*** Material provided ***
lemma riccati_rhs_greater_at_lower_barrier:
  fixes a b \<epsilon> \<kappa> L P E g g' :: real
  assumes "a > 0" "b > 0" "\<epsilon> > 0" "\<kappa> > 0" "\<kappa> \<le> g" "\<bar>g'\<bar> \<le> L"
    and "2*a/\<kappa> + L/\<kappa>\<^sup>2 + b \<le> b*P" "P*\<epsilon> \<le> 1" "0 < E" "E \<le> 1"
  shows "b*(1 - P*\<epsilon>)*(b*\<kappa>/2)*E/g - b*\<epsilon>*(1 - P*\<epsilon>)*(1 - E)*(g'/g\<^sup>2)
    < riccati_rhs a b \<epsilon> g (b*\<epsilon>*(1 - P*\<epsilon>)*(1 - E)/g)"
proof -
  define Q where "Q = 1 - P*\<epsilon>"
  define m where "m = Q*(1 - E)"
  define \<eta> where "\<eta> = P*\<epsilon> + Q*E"
  have g: "g > 0" using assms by linarith
  have L: "0 \<le> L" using assms by linarith
  have "0 < 2*a/\<kappa>" "0 \<le> L/\<kappa>\<^sup>2" using assms L by auto
  then have "0 < b*P" using assms by linarith
  then have P: "0 \<le> P" using assms by (simp add: zero_less_mult_iff)
  have Q: "0 \<le> Q" "Q \<le> 1" unfolding Q_def using assms P by auto
  have m: "0 \<le> m" "m \<le> 1" unfolding m_def using Q assms by (auto intro: mult_le_one)
  have \<eta>: "m = 1 - \<eta>" "Q*E \<ge> 0" unfolding m_def \<eta>_def Q_def using Q assms
    by (auto simp: algebra_simps)
  have "riccati_rhs a b \<epsilon> g (b*\<epsilon>*m/g) = -2*a*(b*\<epsilon>*m/g) + b\<^sup>2*\<eta>*(2 - \<eta>)"
    unfolding riccati_rhs_def \<eta> using g assms by (simp add: field_simps power2_eq_square)
  moreover have "b\<^sup>2*\<eta> \<le> b\<^sup>2*\<eta>*(2 - \<eta>)"
  proof -
    have "0 \<le> b\<^sup>2*(\<eta>*(1 - \<eta>))" using \<eta> m by simp
    then show ?thesis by (simp add: algebra_simps)
  qed
  moreover have "2*a*(b*\<epsilon>*m/g) \<le> 2*a*b*\<epsilon>/\<kappa>"
  proof -
    have "b*\<epsilon>*m/g \<le> b*\<epsilon>/g" using m assms g by (intro divide_right_mono) auto
    also have "\<dots> \<le> b*\<epsilon>/\<kappa>" using assms by (intro divide_left_mono) auto
    finally have "2*a*(b*\<epsilon>*m/g) \<le> 2*a*(b*\<epsilon>/\<kappa>)"
      using assms by (intro mult_left_mono) auto
    then show ?thesis by simp
  qed
  moreover have "b*Q*(b*\<kappa>/2)*E/g \<le> b\<^sup>2*(Q*E)/2"
  proof -
    have "b*Q*(b*\<kappa>/2)*E/g \<le> b*Q*(b*\<kappa>/2)*E/\<kappa>"
      using assms Q by (intro divide_left_mono) auto
    also have "\<dots> = b\<^sup>2*(Q*E)/2" using assms by (simp add: field_simps power2_eq_square)
    finally show ?thesis .
  qed
  moreover have "-(b*\<epsilon>*m*(g'/g\<^sup>2)) \<le> b*\<epsilon>*(L/\<kappa>\<^sup>2)"
  proof -
    have "-g'/g\<^sup>2 \<le> L/g\<^sup>2" using assms by (intro divide_right_mono) auto
    also have "\<dots> \<le> L/\<kappa>\<^sup>2" using assms L by (intro divide_left_mono power_mono) auto
    finally have "b*\<epsilon>*m*(-g'/g\<^sup>2) \<le> b*\<epsilon>*m*(L/\<kappa>\<^sup>2)"
      using assms m by (intro mult_left_mono) auto
    also have "\<dots> \<le> b*\<epsilon>*(L/\<kappa>\<^sup>2)" using assms m L by (intro mult_right_mono mult_left_le) auto
    finally show ?thesis by simp
  qed
  moreover have "2*a*b*\<epsilon>/\<kappa> + b*\<epsilon>*(L/\<kappa>\<^sup>2) + b\<^sup>2*\<epsilon> \<le> b\<^sup>2*(P*\<epsilon>)"
  proof -
    have "(b*\<epsilon>)*(2*a/\<kappa> + L/\<kappa>\<^sup>2 + b) \<le> (b*\<epsilon>)*(b*P)"
      using assms by (intro mult_left_mono) auto
    then show ?thesis by (simp add: algebra_simps power2_eq_square)
  qed
  moreover have "b\<^sup>2*\<eta> = b\<^sup>2*(P*\<epsilon>) + b\<^sup>2*(Q*E)" unfolding \<eta>_def by (simp add: algebra_simps)
  moreover have "0 < b\<^sup>2*\<epsilon>" "0 \<le> b\<^sup>2*(Q*E)" using assms \<eta> by auto
  ultimately have "b*Q*(b*\<kappa>/2)*E/g - b*\<epsilon>*m*(g'/g\<^sup>2) < riccati_rhs a b \<epsilon> g (b*\<epsilon>*m/g)"
    by linarith
  then show ?thesis unfolding m_def Q_def by (simp add: mult.assoc)
qed

lemma riccati_solution_le_upper_barrier:
  fixes a b \<epsilon> \<kappa> L P T t :: real and g g' y :: "real \<Rightarrow> real"
  assumes "a > 0" "b > 0" "\<epsilon> > 0" "\<kappa> > 0"
    and g_deriv: "\<And>s. (g has_real_derivative g' s) (at s)"
    and g_ge: "\<And>s. \<kappa> \<le> g s"
    and g'_bound: "\<And>s. s \<in> {0..T} \<Longrightarrow> \<bar>g' s\<bar> \<le> L"
    and y_init: "y 0 = 0"
    and y_deriv: "\<And>s. s \<in> {0..T} \<Longrightarrow>
      (y has_real_derivative riccati_rhs a b \<epsilon> (g s) (y s)) (at s within {0..T})"
    and P: "L/\<kappa>\<^sup>2 \<le> b*P" "0 \<le> P"
    and t: "t \<in> {0..T}"
  shows "y t \<le> b*\<epsilon>*(1 + P*\<epsilon>)/g t"
proof (rule comparison_principle_strict[OF y_deriv _ _ _ t,
      where y' = "\<lambda>s. -(b*\<epsilon>*(1 + P*\<epsilon>)) * (g' s/(g s)\<^sup>2)"])
  have g_pos: "g s > 0" for s using g_ge[of s] \<open>\<kappa> > 0\<close> by linarith
  fix s assume s: "s \<in> {0..T}"
  have "((\<lambda>s. b*\<epsilon>*(1 + P*\<epsilon>)/g s) has_real_derivative
      -(b*\<epsilon>*(1 + P*\<epsilon>)) * (g' s/(g s)\<^sup>2)) (at s)"
    using g_pos[of s] by (auto intro!: derivative_eq_intros g_deriv simp: power2_eq_square)
  then show "((\<lambda>s. b*\<epsilon>*(1 + P*\<epsilon>)/g s) has_real_derivative
      -(b*\<epsilon>*(1 + P*\<epsilon>)) * (g' s/(g s)\<^sup>2)) (at s within {0..T})"
    by (rule has_field_derivative_at_within)
  show "y s = b*\<epsilon>*(1 + P*\<epsilon>)/g s \<Longrightarrow>
      riccati_rhs a b \<epsilon> (g s) (y s) < -(b*\<epsilon>*(1 + P*\<epsilon>)) * (g' s/(g s)\<^sup>2)"
    using riccati_rhs_less_at_upper_barrier[OF assms(1-4) g_ge g'_bound[OF s] P] by simp
next
  have "0 < g 0" using g_ge[of 0] \<open>\<kappa> > 0\<close> by linarith
  then show "y 0 \<le> b*\<epsilon>*(1 + P*\<epsilon>)/g 0"
    using y_init assms P by simp
qed

lemma riccati_solution_ge_lower_barrier:
  fixes a b \<epsilon> \<kappa> L P T t :: real and g g' y :: "real \<Rightarrow> real"
  assumes "a > 0" "b > 0" "\<epsilon> > 0" "\<kappa> > 0"
    and g_deriv: "\<And>s. (g has_real_derivative g' s) (at s)"
    and g_ge: "\<And>s. \<kappa> \<le> g s"
    and g'_bound: "\<And>s. s \<in> {0..T} \<Longrightarrow> \<bar>g' s\<bar> \<le> L"
    and y_init: "y 0 = 0"
    and y_deriv: "\<And>s. s \<in> {0..T} \<Longrightarrow>
      (y has_real_derivative riccati_rhs a b \<epsilon> (g s) (y s)) (at s within {0..T})"
    and P: "2*a/\<kappa> + L/\<kappa>\<^sup>2 + b \<le> b*P" "P*\<epsilon> \<le> 1"
    and t: "t \<in> {0..T}"
  shows "b*\<epsilon>*(1 - P*\<epsilon>)*(1 - exp (- (b*\<kappa>/2 * t/\<epsilon>)))/g t \<le> y t"
proof -
  define E where "E s = exp (- (b*\<kappa>/2 * s/\<epsilon>))" for s
  define w where "w s = b*\<epsilon>*(1 - P*\<epsilon>)*(1 - E s)/g s" for s
  define w' where "w' s = b*(1 - P*\<epsilon>)*(b*\<kappa>/2)*E s/g s
    - b*\<epsilon>*(1 - P*\<epsilon>)*(1 - E s)*(g' s/(g s)\<^sup>2)" for s
  have g_pos: "g s > 0" for s using g_ge[of s] \<open>\<kappa> > 0\<close> by linarith
  have "w t \<le> y t"
  proof (rule comparison_principle_strict[OF _ y_deriv _ _ t, where x' = w'])
    fix s assume s: "s \<in> {0..T}"
    have "(w has_real_derivative w' s) (at s)"
      unfolding w_def w'_def E_def using g_pos[of s] \<open>\<epsilon> > 0\<close>
      by (auto intro!: derivative_eq_intros g_deriv simp: power2_eq_square field_simps)
    then show "(w has_real_derivative w' s) (at s within {0..T})"
      by (rule has_field_derivative_at_within)
    have "0 < E s" "E s \<le> 1" unfolding E_def using s assms by auto
    then have "w' s < riccati_rhs a b \<epsilon> (g s) (w s)"
      using riccati_rhs_greater_at_lower_barrier[OF assms(1-4) g_ge g'_bound[OF s] P]
      unfolding w_def w'_def by blast
    then show "w s = y s \<Longrightarrow> w' s < riccati_rhs a b \<epsilon> (g s) (y s)" by simp
  next
    show "w 0 \<le> y 0" using y_init unfolding w_def E_def by simp
  qed
  then show ?thesis unfolding w_def E_def .
qed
*** End of Material provided ***
Filter the records for the string "lemma" and copy every line that holds it.

lemma riccati_rhs_greater_at_lower_barrier:
lemma riccati_solution_le_upper_barrier:
lemma riccati_solution_ge_lower_barrier:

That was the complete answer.